The Lambda architecture was well expounded by Nathan Marz (book, 2015). The Lambda architecture consists of a batch layer, a speed layer and a serving layer and is aimed at delivering up-to-date update-to-date insights. The batch layer uses the master dataset to overwrite the batch view each time it runs. These precomputed batch insights are our source of truth. In between batch pipeline runs, streaming updates from the speed layer are used to keep our insights fresh. This is best effort, as any mistakes accumulated from streaming updates are discarded by the next batch pipeline run. The serving layer combines the batch and real-time view into an up-to-date data product in response to queries.

overview

Lambda for data science

The Lambda architecture is suitable for modern data science teams wanting to deliver real-time insights to business and customers. Often there is already a batch layer present and the need for fresher insights is an add-on requirement. The existence of a batch layer might also have good reasons, such as aggregations or training of machine learning models on historic data. The makeup of a data science team with around 30% data engineering capacity fits well with the pragmatic self-healing capability of the Lambda architecture.

Why not kappa?

Kappa architecture involves fully fledged event sourcing. The source of truth is not the batch pipeline (which is absent), but the accumulated state across past streaming events. There are blogs (such as this) describing failed projects based on event sourcing. One of the harder things to manage is error recovery. Imagine you have made a mistake in your streaming logic and have a hotfix ready. In Lambda we would deploy the fix to the speed layer and a triggered or scheduled run of the batch layer would selfheal our insight store. In Kappa we would have to replay a large chunk of historic streaming events possibly across multiple applications and eventhubs (parsers, insight producers) and validate our new state against our expectations. This is more engineering intensive and not the best fit for a data science team with limited engineering capacity.

The magical fusion between batch and speed layers

The synergy between the batch and speed layer is where the magic happens. It is often a creative process to apply the Lambda architecture. The goal is to keep logic in the serving layer to a minimum with an appropriate structure of the batch and real-time views. There are three general ways to fuse the batch and speed layer and, these are not mutually exclusive, namely:

  1. Update precomputed batch view aggregates with streaming insights
  2. Use a batch generated lookup table or ML model in the speed layer
  3. Business entity state updates (accumulated, full, or partial)
    1. For example, updating the predicted account balance of a customer

In this section we will refrain from implementation details and whenever we mention a Kafka topic, we mean any event log such as Azure eventhub or Kafka itself.

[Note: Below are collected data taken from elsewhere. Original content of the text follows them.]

lemma sum_mset_split_count:
  "sum_mset u = of_nat (count u a) * a + sum_mset (filter_mset (\<lambda>x. x \<noteq> a) u)"
  for u :: "rat multiset"
  by (metis filter_eq_replicate_mset multiset_partition sum_mset.union sum_mset_replicate_mset)

lemma count_unit_fraction_congruent:
  assumes atoms: "atoms M \<subseteq> (\<lambda>m. 1 / of_nat m) ` N" and cop: "pairwise coprime N"
    and "n \<in> N" and "0 < n"
    and z: "z \<in> factorizations M q" and w: "w \<in> factorizations M q"
  shows "int n dvd int (count z (1 / of_nat n)) - int (count w (1 / of_nat n))"
proof -
  let ?a = "1 / of_nat n :: rat"
  let ?rest = "\<lambda>u. sum_mset (filter_mset (\<lambda>x. x \<noteq> ?a) u)"
  have rest: "denom_coprime (int n) (?rest u)" if "u \<in> factorizations M q" for u
  proof (rule denom_coprime_sum_mset)
    fix x assume "x \<in># filter_mset (\<lambda>x. x \<noteq> ?a) u"
    then have x: "x \<in> atoms M" "x \<noteq> ?a"
      using that unfolding factorizations_def by auto
    then obtain m where m: "m \<in> N" "x = 1 / of_nat m"
      using atoms by blast
    then have "coprime (int m) (int n)"
      using cop \<open>n \<in> N\<close> x(2) by (auto simp: pairwise_def)
    moreover have "m \<noteq> 0"
      using x(1) m(2) by (auto simp: atoms_def)
    ultimately show "denom_coprime (int n) x"
      unfolding denom_coprime_def using m(2) by (metis of_int_1 of_int_of_nat_eq of_nat_eq_0_iff)
  qed
  have "of_nat (count z ?a) * ?a + ?rest z = sum_mset z"
    by (rule sum_mset_split_count[symmetric])
  also have "\<dots> = sum_mset w"
    using z w unfolding factorizations_def by simp
  also have "\<dots> = of_nat (count w ?a) * ?a + ?rest w"
    by (rule sum_mset_split_count)
  finally have "of_nat (count z ?a) * ?a - of_nat (count w ?a) * ?a = ?rest w + - ?rest z"
    by linarith
  then have "of_int (int (count z ?a) - int (count w ?a)) / of_int (int n) = ?rest w + - ?rest z"
    by (simp add: diff_divide_distrib)
  moreover have "denom_coprime (int n) (?rest w + - ?rest z)"
    using rest[OF w] denom_coprime_uminus[OF rest[OF z]] by (rule denom_coprime_add)
  ultimately show ?thesis
    using \<open>0 < n\<close> by (metis dvd_if_denom_coprime_div of_nat_0_less_iff less_irrefl)
qed

lemma factorization_unique_if_not_divides_one:
  assumes "puiseux_monoid M"
    and atoms: "atoms M \<subseteq> (\<lambda>m. 1 / of_nat m) ` N" and cop: "pairwise coprime N"
    and nd: "\<not> divides_in M 1 q"
    and z: "z \<in> factorizations M q" and w: "w \<in> factorizations M q"
  shows "z = w"
proof (rule multiset_eqI)
  fix a
  show "count z a = count w a"
  proof (cases "a \<in> atoms M")
    case False
    then have "a \<notin># z" and "a \<notin># w"
      using z w unfolding factorizations_def by auto
    then show ?thesis
      by (simp add: not_in_iff)
  next
    case True
    then obtain n where n: "n \<in> N" "a = 1 / of_nat n" "0 < n"
      using atoms atoms_pos[OF assms(1)] by fastforce
    have "count z a < n" and "count w a < n"
      using divides_one_if_count_ge[OF assms(1)] z w nd True n(2) by (meson not_le)+
    moreover have "int n dvd int (count z a) - int (count w a)"
      using count_unit_fraction_congruent[OF atoms cop n(1,3) z w] n(2) by simp
    ultimately show ?thesis
      using dvd_imp_le_int[of "int (count z a) - int (count w a)" "int n"] by fastforce
  qed
qed

lemma atoms_weak_reciprocal:
  assumes "weak_reciprocal_seq M d"
  shows "atoms M \<subseteq> (\<lambda>m. 1 / of_nat m) ` range d"
  using assms atoms_monoid_gen_subset unfolding weak_reciprocal_seq_def by fastforce

lemma infinite_atoms_weak_reciprocal:
  assumes "weak_reciprocal_seq M d" and "puiseux_monoid M" and "atomic M"
  shows "infinite (atoms M)"
proof
  assume "finite (atoms M)"
  then obtain \<epsilon> :: rat where \<epsilon>: "0 < \<epsilon>" "\<And>x. x \<in> M \<Longrightarrow> x \<noteq> 0 \<Longrightarrow> \<epsilon> \<le> x"
    using atomic_finite_atoms_bounded_below assms(2,3) by blast
  obtain k :: nat where k: "1 / \<epsilon> < of_nat k"
    using reals_Archimedean2 by blast
  have d: "strict_mono d" "0 < d k" and M: "M = monoid_gen (range (\<lambda>n. 1 / of_nat (d n)))"
    using assms(1) unfolding weak_reciprocal_seq_def by auto
  have "1 / of_nat (d k) \<in> M"
    unfolding M by (rule monoid_gen.gen) simp
  then have "\<epsilon> \<le> 1 / of_nat (d k)"
    using \<epsilon>(2) d(2) by simp
  then have "\<epsilon> * of_nat (d k) \<le> 1"
    using d(2) by (simp add: le_divide_eq)
  moreover have "\<epsilon> * of_nat k \<le> \<epsilon> * of_nat (d k)"
    using \<epsilon>(1) strict_mono_imp_increasing[OF d(1)] by (simp add: mult_left_mono)
  moreover have "1 < \<epsilon> * of_nat k"
    using k \<epsilon>(1) by (simp add: field_simps)
  ultimately show False
    by linarith
qed

lemma infinite_unit_fraction_atoms_weak_reciprocal:
  assumes "weak_reciprocal_seq M d" and "puiseux_monoid M" and "atomic M"
  shows "infinite {n. 1 / of_nat n \<in> atoms M}"
proof
  assume "finite {n. 1 / of_nat n \<in> atoms M}"
  moreover have "atoms M \<subseteq> (\<lambda>n. 1 / of_nat n) ` {n. 1 / of_nat n \<in> atoms M}"
    using atoms_weak_reciprocal[OF assms(1)] by auto
  ultimately show False
    using infinite_atoms_weak_reciprocal[OF assms] finite_surj by blast
qed

lemma infinite_lengths_one_plus_weak_reciprocal:
  assumes "weak_reciprocal_seq M d" and "puiseux_monoid M" and "atomic M" and "r \<in> M"
  shows "infinite (lengths M (1 + r))"
  using infinite_lengths_one_plus[OF assms(3,4)]
    infinite_unit_fraction_atoms_weak_reciprocal[OF assms(1-3)] .

lemma not_BFM_if_infinite_lengths_one:
  assumes "puiseux_monoid M" and "infinite (lengths M 1)"
  shows "\<not> BFM M"
proof -
  obtain z where "z \<in> factorizations M 1"
    using assms(2) unfolding lengths_def by (metis all_not_in_conv finite.emptyI image_is_empty)
  then have "(1::rat) \<in> M"
    by (rule factorizations_imp_mem[OF assms(1)])
  with assms(2) show ?thesis
    unfolding BFM_def using one_neq_zero by blast
qed

lemma card_lengths_eq_one_if_not_divides_one:
  assumes "puiseux_monoid M" and "atomic M"
    and "atoms M \<subseteq> (\<lambda>m. 1 / of_nat m) ` N" and "pairwise coprime N"
    and "q \<in> M" and "\<not> divides_in M 1 q"
  shows "card (lengths M q) = 1"
proof -
  obtain z where "z \<in> factorizations M q"
    using atomic_factorizations_nonempty[OF assms(2,5)] by blast
  then have "factorizations M q = {z}"
    using factorization_unique_if_not_divides_one[OF assms(1,3,4,6)] by blast
  then show ?thesis
    unfolding lengths_def by simp
qed

theorem proposition4p8:
  fixes M :: "rat set"
  assumes "puiseux_monoid M" and "atomic M"
  shows "(weak_reciprocal M \<longrightarrow> infinite (lengths M 1) \<and> \<not> BFM M) \<and>
         (reciprocal M \<longrightarrow> (\<forall>q\<in>M. q \<noteq> 0 \<longrightarrow>
             (infinite (lengths M q) \<or> card (lengths M q) = 1) \<and>
             (divides_in M 1 q \<longrightarrow> infinite (lengths M q)) \<and>
             (\<not> divides_in M 1 q \<longrightarrow> card (lengths M q) = 1)))"
proof (intro conjI impI ballI)
  assume "weak_reciprocal M"
  then obtain d where d: "weak_reciprocal_seq M d"
    unfolding weak_reciprocal_def by blast
  have "0 \<in> M"
    using assms(1) by (simp add: puiseux_monoid_def)
  from infinite_lengths_one_plus_weak_reciprocal[OF d assms this]
  show "infinite (lengths M 1)"
    by simp
  then show "\<not> BFM M"
    by (rule not_BFM_if_infinite_lengths_one[OF assms(1)])
next
  fix q assume "reciprocal M" and "q \<in> M"
  then obtain d where d: "weak_reciprocal_seq M d" "\<forall>m n. m \<noteq> n \<longrightarrow> coprime (d m) (d n)"
    unfolding reciprocal_def by blast
  have "pairwise coprime (range d)"
    using d(2) unfolding pairwise_def by (metis rangeE)
  from card_lengths_eq_one_if_not_divides_one[OF assms atoms_weak_reciprocal[OF d(1)] this \<open>q \<in> M\<close>]
  show card: "\<not> divides_in M 1 q \<Longrightarrow> card (lengths M q) = 1" .
  show inf: "divides_in M 1 q \<Longrightarrow> infinite (lengths M q)"
    using infinite_lengths_one_plus_weak_reciprocal[OF d(1) assms]
    unfolding divides_in_def by blast
  show "infinite (lengths M q) \<or> card (lengths M q) = 1"
    using inf card by blast
qed

end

1 Update precomputed aggregates

This fusion was featured heavily by Marz (2015). The batch layer precomputes aggregates as our recurring source of truth. Streaming updates are combined with historic aggregates to respond to queries with up-to-date aggregates. In the classic example of website visitor counts, aggregates are partitioned per hour in the batch view. Real-time site visits are stored with timestamps in the real-time view (preferably a key-value store). A REST call triggers a function receiving both the historic aggregates per hour and all available real-time visits. The updated aggregates are computed and returned as our response. Note that, the returned aggregates can have different aggregation periods (i.e., days, months) than those stored in the batch view.

1.1 Query optimization

The site visit aggregates can be recomputed with streaming website visits that are more than an hour old and again stored in the batch view. The processed speed layer site visits can then be discarded, which will shorten query response times.

1.2 Variations on insight aggregation

The Lambda architecture is flexible in its application. There are various scenarios that might fit the aggregation fusion, but with a twist.

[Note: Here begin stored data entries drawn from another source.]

lemma omega_mul_union_free_pair:
  assumes "1 \<le> a" "j \<in> free_pairs a b T"
  shows "omega_mul a b h (T \<union> pair j) = h T + (\<Sum>i\<in>full_pairs a b T. h ((T - pair i) \<union> pair j))"
proof -
  have disj: "pair i \<inter> pair j = {}" if "i \<in> {a..b}" "i \<noteq> j" for i
    using that assms pair_disjoint[of i j] by auto
  have "full_pairs a b (T \<union> pair j) = insert j (full_pairs a b T)"
    using assms(2) disj by blast
  moreover have "j \<notin> full_pairs a b T"
    using assms(2) pair_nonempty by blast
  moreover have "T \<union> pair j - pair j = T"
    using assms(2) by auto
  moreover have "T \<union> pair j - pair i = (T - pair i) \<union> pair j" if "i \<in> full_pairs a b T" for i
    using that assms(2) disj by blast
  ultimately show ?thesis
    unfolding omega_mul_def by simp
qed

lemma contract_diff_full_pair:
  assumes "1 \<le> a" "i \<in> full_pairs a b T"
  shows "contract a b h (T - pair i) = h T + (\<Sum>j\<in>free_pairs a b T. h ((T - pair i) \<union> pair j))"
proof -
  have disj: "pair i \<inter> pair j = {}" if "j \<in> {a..b}" "j \<noteq> i" for j
    using that assms pair_disjoint[of i j] by auto
  have "free_pairs a b (T - pair i) = insert i (free_pairs a b T)"
    using assms(2) disj by blast
  moreover have "i \<notin> free_pairs a b T"
    using assms(2) pair_nonempty by blast
  moreover have "(T - pair i) \<union> pair i = T"
    using assms(2) by auto
  ultimately show ?thesis
    unfolding contract_def by simp
qed

text \<open>The cross terms cancel by harmonicity at \<open>T - pair i\<close>; what remains is counted by
  \<open>card_pairs_balance\<close>.\<close>
lemma contract_omega_mul:
  assumes "1 \<le> a" "homog h d a b" "\<forall>S. contract a b h S = 0"
  shows "contract a b (omega_mul a b h) T = (real (b + 1 - a) - real d) * h T"
proof -
  let ?D = "free_pairs a b T" and ?C = "full_pairs a b T"
  have cross: "(\<Sum>j\<in>?D. h ((T - pair i) \<union> pair j)) = - h T" if "i \<in> ?C" for i
    using contract_diff_full_pair[OF assms(1) that, of h] assms(3) by simp
  have "contract a b (omega_mul a b h) T = (\<Sum>j\<in>?D. h T + (\<Sum>i\<in>?C. h ((T - pair i) \<union> pair j)))"
    unfolding contract_def using assms(1) by (intro sum.cong refl omega_mul_union_free_pair)
  also have "\<dots> = real (card ?D) * h T + (\<Sum>i\<in>?C. \<Sum>j\<in>?D. h ((T - pair i) \<union> pair j))"
    by (simp add: sum.distrib) (rule sum.swap)
  also have "\<dots> = (real (card ?D) - real (card ?C)) * h T"
    using cross by (simp add: algebra_simps)
  also have "\<dots> = (real (b + 1 - a) - real d) * h T"
  proof (cases "h T = 0")
    case False
    then have "T \<subseteq> {2*a - 1 .. 2*b}" "card T = d"
      using assms(2) unfolding homog_def by auto
    then have "d + card ?D = (b + 1 - a) + card ?C"
      using card_pairs_balance[OF assms(1)] by blast
    then show ?thesis by simp
  qed simp
  finally show ?thesis .
qed

section \<open>Splitting off the first pair\<close>

lemma contract_split_pair_one:
  "1 \<le> n \<Longrightarrow> contract 1 n f T = (if pair 1 \<inter> T = {} then f (T \<union> pair 1) else 0) + contract 2 n f T"
  using contract_split_first[of 1 n f T, unfolded Suc_1] .

lemma fharm_tail_subset:
  assumes "1 \<le> n"
  shows "fharm k 2 n \<subseteq> fharm k 1 n"
proof
  fix f assume "f \<in> fharm k 2 n"
  then have hom: "homog f k 2 n" and con: "\<forall>S. contract 2 n f S = 0"
    by (simp_all add: fharm_iff)
  have "contract 1 n f T = 0" for T
  proof -
    have "f (T \<union> pair 1) = 0"
      by (rule homog_tail_vanishes[OF hom]) (auto simp: pair_one)
    with con show ?thesis
      unfolding contract_split_pair_one[OF assms] by simp
  qed
  with homog_mono_range[OF hom _ order_refl] show "f \<in> fharm k 1 n"
    by (simp add: fharm_iff)
qed

lemma fharm_tail_if_vanishes:
  assumes "1 \<le> n" "f \<in> fharm k 1 n" "\<And>S. pair 1 \<inter> S \<noteq> {} \<Longrightarrow> f S = 0"
  shows "f \<in> fharm k 2 n"
proof -
  have hom: "homog f k 1 n" and con: "\<forall>T. contract 1 n f T = 0"
    using assms(2) by (simp_all add: fharm_iff)
  have "homog f k 2 n"
    unfolding homog_def
  proof (intro allI impI)
    fix S assume "f S \<noteq> 0"
    with assms(3) hom have "S \<subseteq> {1..2*n}" "card S = k" "pair 1 \<inter> S = {}"
      unfolding homog_def by auto
    then show "S \<subseteq> {2*2 - 1 .. 2*n} \<and> card S = k"
      using subset_tail_if_disjoint_pair_one by simp
  qed
  moreover have "contract 2 n f T = 0" for T
  proof -
    have "f (T \<union> pair 1) = 0"
      by (rule assms(3)) (auto simp: pair_one)
    then have "contract 1 n f T = contract 2 n f T"
      unfolding contract_split_pair_one[OF assms(1)] by simp
    with con show ?thesis by simp
  qed
  ultimately show ?thesis
    by (simp add: fharm_iff)
qed

lemma omega_mul_tail_vanishes:
  assumes "homog h d 2 n" "pair 1 \<inter> S \<noteq> {}"
  shows "omega_mul 2 n h S = 0"
  unfolding omega_mul_def
proof (intro sum.neutral ballI)
  fix j assume "j \<in> full_pairs 2 n S"
  then have "pair j \<inter> pair 1 = {}"
    by (intro pair_disjoint_one) simp
  with assms(2) have "pair 1 \<inter> (S - pair j) \<noteq> {}"
    by blast
  then show "h (S - pair j) = 0"
    by (rule homog_tail_vanishes[OF assms(1)])
qed

definition pair_factor :: "real \<Rightarrow> nat \<Rightarrow> grass" where
  "pair_factor c n = gadd (gmul (theta 1) (theta 2)) (gscale c (omega 2 n))"

lemma gmul_pair_factor:
  assumes "homog h d 2 n"
  shows "gmul (pair_factor c n) h = (\<lambda>S. lmul_mono (pair 1) h S + c * omega_mul 2 n h S)"
proof -
  have fin: "\<forall>S. h S \<noteq> 0 \<longrightarrow> finite S"
    using homog_finite[OF assms] by blast
  have "gmul (gmul (theta 1) (theta 2)) h = lmul_mono (pair 1) h"
    using gmul_theta_pair[OF _ fin, of 1] by simp
  moreover have "gmul (omega 2 n) h = omega_mul 2 n h"
    using gmul_omega_left[OF _ fin] by simp
  ultimately show ?thesis
    unfolding pair_factor_def gmul_gadd_left gmul_gscale_left by (simp add: gadd_def gscale_def)
qed

lemma gmul_pair_factor_first_pair:
  assumes "homog h d 2 n" "pair 1 \<inter> T = {}"
  shows "gmul (pair_factor c n) h (T \<union> pair 1) = h T"
proof -
  have "T \<union> pair 1 - pair 1 = T"
    using assms(2) by blast
  moreover have "omega_mul 2 n h (T \<union> pair 1) = 0"
    by (rule omega_mul_tail_vanishes[OF assms(1)]) (simp add: pair_one)
  ultimately show ?thesis
    unfolding gmul_pair_factor[OF assms(1)] lmul_mono_def by simp
qed

lemma homog_gmul_pair_factor:
  assumes "1 \<le> n" "2 \<le> k" "homog h (k - 2) 2 n"
  shows "homog (gmul (pair_factor c n) h) k 1 n"
proof -
  have "homog (lmul_mono (pair 1) h) (k - 2 + card (pair 1)) 1 n"
    by (rule homog_lmul_mono[OF assms(3)]) (use assms(1) in \<open>auto simp: pair_one\<close>)
  then have pair_part: "homog (lmul_mono (pair 1) h) k 1 n"
    using assms(2) card_pair[of 1] by simp
  have "homog (omega_mul 2 n h) (k - 2 + 2) 2 n"
    by (rule homog_omega_mul[OF assms(3)]) simp
  then have "homog (omega_mul 2 n h) k 2 n"
    unfolding le_add_diff_inverse2[OF assms(2)] .
  then have omega_part: "homog (omega_mul 2 n h) k 1 n"
    by (rule homog_mono_range) simp_all
  show ?thesis
    unfolding gmul_pair_factor[OF assms(3)] using homog_lincomb[OF pair_part omega_part, of 1 c] by simp
qed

  1. We return the union of batch and real-time insights.
  2. We want to hash identifiers in the batch view with a changing salt from the real-time view to anonymize our responses
  3. Bayesian correction of stored model predictions by real-time evidence

2 Batch generated lookup table or ML model

Often, we need an intermediate product from the batch layer to generate insights in the speed layer. For instance, a lookup table and trained ML model created in the batch layer are used to enrich and classify insights in the speed layer. The batch pipeline creates new versions of these artifacts every time it runs. Often, we want to use only the latest versions but for ML models MLOps can be applied to decide to use the latest model only if it is better than a previous version.

2.1 Lookup table

How do we share a lookup table between the batch and speed layer? A basic approach lets the batch layer write the lookup table to storage. The batch pipeline could restart the stream processing in the speed layer to force reload of the latest version of the stored lookup table, although this not so elegant. More elegant would be to reload the lookup table from disk with a fixed interval without interrupting our stream processing (implementation details follow later). Another approach is to write the lookup table and its versions to a Kafka topic and stream-stream join it in the speed layer. This last approach would require added complexity to only use the latest version of the lookup table, such as log compaction.

lookup_table

2.2 Trained ML model

For trained ML Models created by the batch layer, we consider versioned models stored in the model registry and deployed behind its own REST API (depicted with AzureML inference deployments). We stream each unique URL of a model version into a Kafka topic with metadata attached (depicted with Azure eventhub). The metadata contains a prediction date range for which the model version is applicable. We join the speed layer messages with the model URLs eventhub based on the prediction date and call the model API to attain the prediction, which is incorporated into our streaming insight.

ML_model

3 State updates

The third way to fuse batch and streaming insights is to focus on state management of business entities, some examples are:

  • Real-time generated predictions per customer overrule batch view predictions
  • Flag predicted transactions as processed transactions based on real-time transaction stream
  • Update the credit rating of a customer based on the real-time output of various models

This stateful fusion is different from the fusion described in section 1, because aggregates provide insights across business entities and time. Here, we want to manage insight state on the level of individual customers with detailed information flowing through the batch and speed layers. State management in real time analytical systems is hard, due to non-guaranteed event processing order, library limitations, datastore performance and logical complexity.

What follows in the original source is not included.